I'm trying to find all solutions of $\frac{1}{x} + \frac{1}{y} = \frac{1}{n}$ with $ n < x \leq y \ $ and with a given $n$.
I started manipulating the expression and got $y = \frac{nx}{x-n}$.
For now I'm iterating $x$ from $n+1$ to $2n \ $ (obtained by manipulating $ n < x \leq y $).
So, my question is: How can I generate $x$ such that $\frac{nx}{x-n}$ yields a positive integer, without checking all integers from $n+1$ to $2n$?
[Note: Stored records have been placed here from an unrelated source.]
(* Let $f_t(z)=z^2+t\in\mathbb{Q}(t)[z]$, and let $P_t\in\mathbb{Z}[t]$ be a monic polynomial. Then there exists a power series $F(z)\in\mathbb{Q}[[z]]$, convergent in a real neighbourhood of $0$ and satisfying $F(0)=0$, such that for all $t\in\mathbb{Q}$ with $|t|$ sufficiently large, \[\hat h_{f_t}(P_t)=\hat h_f(P)h(t)+F\!\left(\tfrac1t\right).\]
   Context: $h$ is the usual absolute logarithmic Weil height on $\mathbb{P}^1(\mathbb{Q})$. For $t\in\mathbb{Q}$, $\hat h_{f_t}(x)=\lim_{N\to\infty}2^{-N}h(f_t^N(x))$ is the canonical height of the specialized polynomial. Viewing $f\in K[z]$ and $P\in K$ with $K=\mathbb{Q}(t)$ the function field of $\mathbb{P}^1$, $\hat h_f(P)=\sum_{\beta\in\mathbb{P}^1(\overline{\mathbb{Q}})}\lim_{N\to\infty}2^{-N}\max\{0,-\operatorname{ord}_\beta(f^N(P))\}$. *)

theory Defs
  imports "HOL-Analysis.Analysis" "HOL-Computational_Algebra.Computational_Algebra"
begin

definition weil_height :: "rat \<Rightarrow> real" where
  "weil_height q = (case quotient_of q of (a, b) \<Rightarrow> ln (real_of_int (max \<bar>a\<bar> \<bar>b\<bar>)))"

definition f_spec :: "rat \<Rightarrow> rat \<Rightarrow> rat" where
  "f_spec t x = x ^ 2 + t"

definition canon_height_spec :: "rat \<Rightarrow> rat \<Rightarrow> real" where
  "canon_height_spec t x = lim (\<lambda>N. weil_height ((f_spec t ^^ N) x) / 2 ^ N)"

text \<open>The map f(z) = z^2 + t over K = Q(t), acting on polynomial elements of K.\<close>
definition f_ff :: "rat poly \<Rightarrow> rat poly" where
  "f_ff Q = Q ^ 2 + [:0, 1:]"

text \<open>Local pole contribution max{0, -ord_beta(Q)} summed over all beta in P^1(Qbar),
  for Q a polynomial in t: finite places contribute 0 (a polynomial has no finite poles),
  and at infinity -ord_infty(Q) = deg Q (and 0 for Q = 0).\<close>
definition pole_sum_poly :: "rat poly \<Rightarrow> nat" where
  "pole_sum_poly Q = degree Q"

definition canon_height_ff :: "rat poly \<Rightarrow> real" where
  "canon_height_ff P = lim (\<lambda>N. real (pole_sum_poly ((f_ff ^^ N) P)) / 2 ^ N)"

definition fps_eval_real :: "rat fps \<Rightarrow> real \<Rightarrow> real" where
  "fps_eval_real F x = (\<Sum>n. real_of_rat (fps_nth F n) * x ^ n)"

end

theory Submission
  imports Defs "HOL-Complex_Analysis.Complex_Analysis"
begin

text \<open>
Write \<open>P(t) = t^d W(1/t)\<close> with \<open>W\<close> the reflected polynomial, so \<open>W(0) = 1\<close>. Then
\<open>f_t^N(P(t)) = t^(d 2^N) W_N(1/t)\<close>, where \<open>W_(N+1)(u) = W_N(u)^2 + u^(d 2^(N+1) - 1)\<close>, and
for \<open>t = a/b\<close> in lowest terms the orbit point has exact denominator \<open>b^(d 2^N)\<close>. For \<open>|t|\<close>
large the numerator dominates, so \<open>2^-N h(f_t^N(P(t))) = d h(t) + 2^-N log W_N(1/t)\<close>.
Since \<open>W_(N+1) = W_N^2 (1 + q_N)\<close> with \<open>q_N(u) = O(u^(N+1))\<close>, the function
\<open>2^-N log W_N\<close> converges uniformly near \<open>0\<close> to the holomorphic function
\<open>log W_0 + \<Sum> 2^-(i+1) log (1 + q_i)\<close>. Its Taylor coefficients are rational, because
up to order \<open>d 2^(N+1) - 1\<close> they agree with those of the partial sum, a rational power series.
A constant \<open>P\<close> is reduced to \<open>f(P) = 1 + t\<close>, which halves both heights.
\<close>

subsection \<open>Denominators along the orbit\<close>

lemma quotient_of_int_div:
  assumes "D > 0" "coprime A D"
  shows "quotient_of (rat_of_int A / rat_of_int D) = (A, D)"
  using assms by (simp add: Fract_of_int_quotient[symmetric] quotient_of_Fract)

lemma weil_height_int_div:
  assumes "D > 0" "coprime A D"
  shows "weil_height (rat_of_int A / rat_of_int D)
           = ln (real_of_int D) + ln (max \<bar>real_of_rat (rat_of_int A / rat_of_int D)\<bar> 1)"
proof -
  have D: "real_of_int D > 0" using assms by simp
  have "max \<bar>real_of_int A\<bar> (real_of_int D) = real_of_int D * max (\<bar>real_of_int A\<bar> / real_of_int D) 1"
    using D by (simp add: max_mult_distrib_left)
  moreover have "\<bar>real_of_int A / real_of_int D\<bar> = \<bar>real_of_int A\<bar> / real_of_int D" using D by simp
  ultimately have "ln (max \<bar>real_of_int A\<bar> (real_of_int D))
      = ln (real_of_int D) + ln (max \<bar>real_of_int A / real_of_int D\<bar> 1)"
    using D by (simp add: ln_mult)
  moreover have "real_of_int (max \<bar>A\<bar> D) = max \<bar>real_of_int A\<bar> (real_of_int D)"
    by (simp add: max_def) linarith
  ultimately show ?thesis using assms
    by (simp add: weil_height_def quotient_of_int_div of_rat_divide)
qed

lemma coprime_if_dvd_diff:
  fixes x z b :: int
  assumes "coprime x b" "b dvd z - x"
  shows "coprime z b"
proof (rule coprimeI)
  fix d assume d: "d dvd z" "d dvd b"
  have "d dvd z - x" using d(2) assms(2) by (rule dvd_trans)
  with d(1) have "d dvd z - (z - x)" by (rule dvd_diff)
  then have "d dvd x" by simp
  then show "is_unit d" using assms(1) d(2) coprime_common_divisor by blast
qed

lemma poly_int_div_times_power:
  fixes p :: "int poly" and a b :: int
  assumes "b \<noteq> 0"
  shows "\<exists>B. poly (map_poly rat_of_int p) (rat_of_int a / rat_of_int b) * rat_of_int b ^ degree p
               = rat_of_int B \<and> b dvd B - lead_coeff p * a ^ degree p"
proof (induction p)
  case 0
  then show ?case by auto
next
  case (pCons c q)
  show ?case
  proof (cases "q = 0")
    case True
    then show ?thesis by (intro exI[of _ c]) (simp add: map_poly_pCons)
  next
    case False
    obtain B where B: "poly (map_poly rat_of_int q) (rat_of_int a / rat_of_int b) * rat_of_int b ^ degree q
                         = rat_of_int B"
        "b dvd B - lead_coeff q * a ^ degree q"
      using pCons.IH by blast
    have "poly (map_poly rat_of_int (pCons c q)) (rat_of_int a / rat_of_int b) * rat_of_int b ^ degree (pCons c q)
        = rat_of_int c * rat_of_int b ^ Suc (degree q)
          + rat_of_int a * (poly (map_poly rat_of_int q) (rat_of_int a / rat_of_int b) * rat_of_int b ^ degree q)"
      using assms False by (simp add: map_poly_pCons algebra_simps)
    also have "\<dots> = rat_of_int (c * b ^ Suc (degree q) + a * B)"
      by (simp only: B(1)) simp
    finally have "poly (map_poly rat_of_int (pCons c q)) (rat_of_int a / rat_of_int b) * rat_of_int b ^ degree (pCons c q)
        = rat_of_int (c * b ^ Suc (degree q) + a * B)" .
    moreover have "b dvd c * b ^ Suc (degree q) + a * B - lead_coeff (pCons c q) * a ^ degree (pCons c q)"
    proof -
      have "c * b ^ Suc (degree q) + a * B - lead_coeff (pCons c q) * a ^ degree (pCons c q)
         = b * (c * b ^ degree q) + a * (B - lead_coeff q * a ^ degree q)"
        using False by (simp add: algebra_simps)
      moreover have "b dvd b * (c * b ^ degree q) + a * (B - lead_coeff q * a ^ degree q)"
        using B(2) by simp
      ultimately show ?thesis by argo
    qed
    ultimately show ?thesis by blast
  qed
qed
(This comes from project Euler problem 108 that my method manage to solve, but pretty slowly) I'm pretty new to computer science and all that stuff and don't know yet the tricks of divisibility, so I'm a bit stuck.
Thanks in advance!
Let $n$ be a positive integer, and let $x$ and $y$ be integers with $y\geq x>n$ such that $$\frac1x+\frac1y=\frac1n.$$ Clearing denominators shows that this is equivalent to $$n(x+y)=xy.$$ Let $d:=\gcd(x,y)$ so that $x=dX$ and $y=dY$ for coprime integers $X$ and $Y$, and $$n(X+Y)=dXY.$$ Then $X+Y$ is coprime to $X$ and $Y$, so $X+Y$ divides $d$, say $d=c(X+Y)$, and so $$x=c(X+Y)X,\qquad y=c(X+Y)Y,\qquad n=cXY.$$
Conversely, let $n=cXY$ for any three positive integers $c$, $X$ and $Y$ with $X\leq Y$. Then for $x:=c(X+Y)X$ and $y:=c(X+Y)Y$ you have $n<x\leq y$ and $$\frac1x+\frac1y=\frac1n.$$ So your problem boils down to factoring $n$.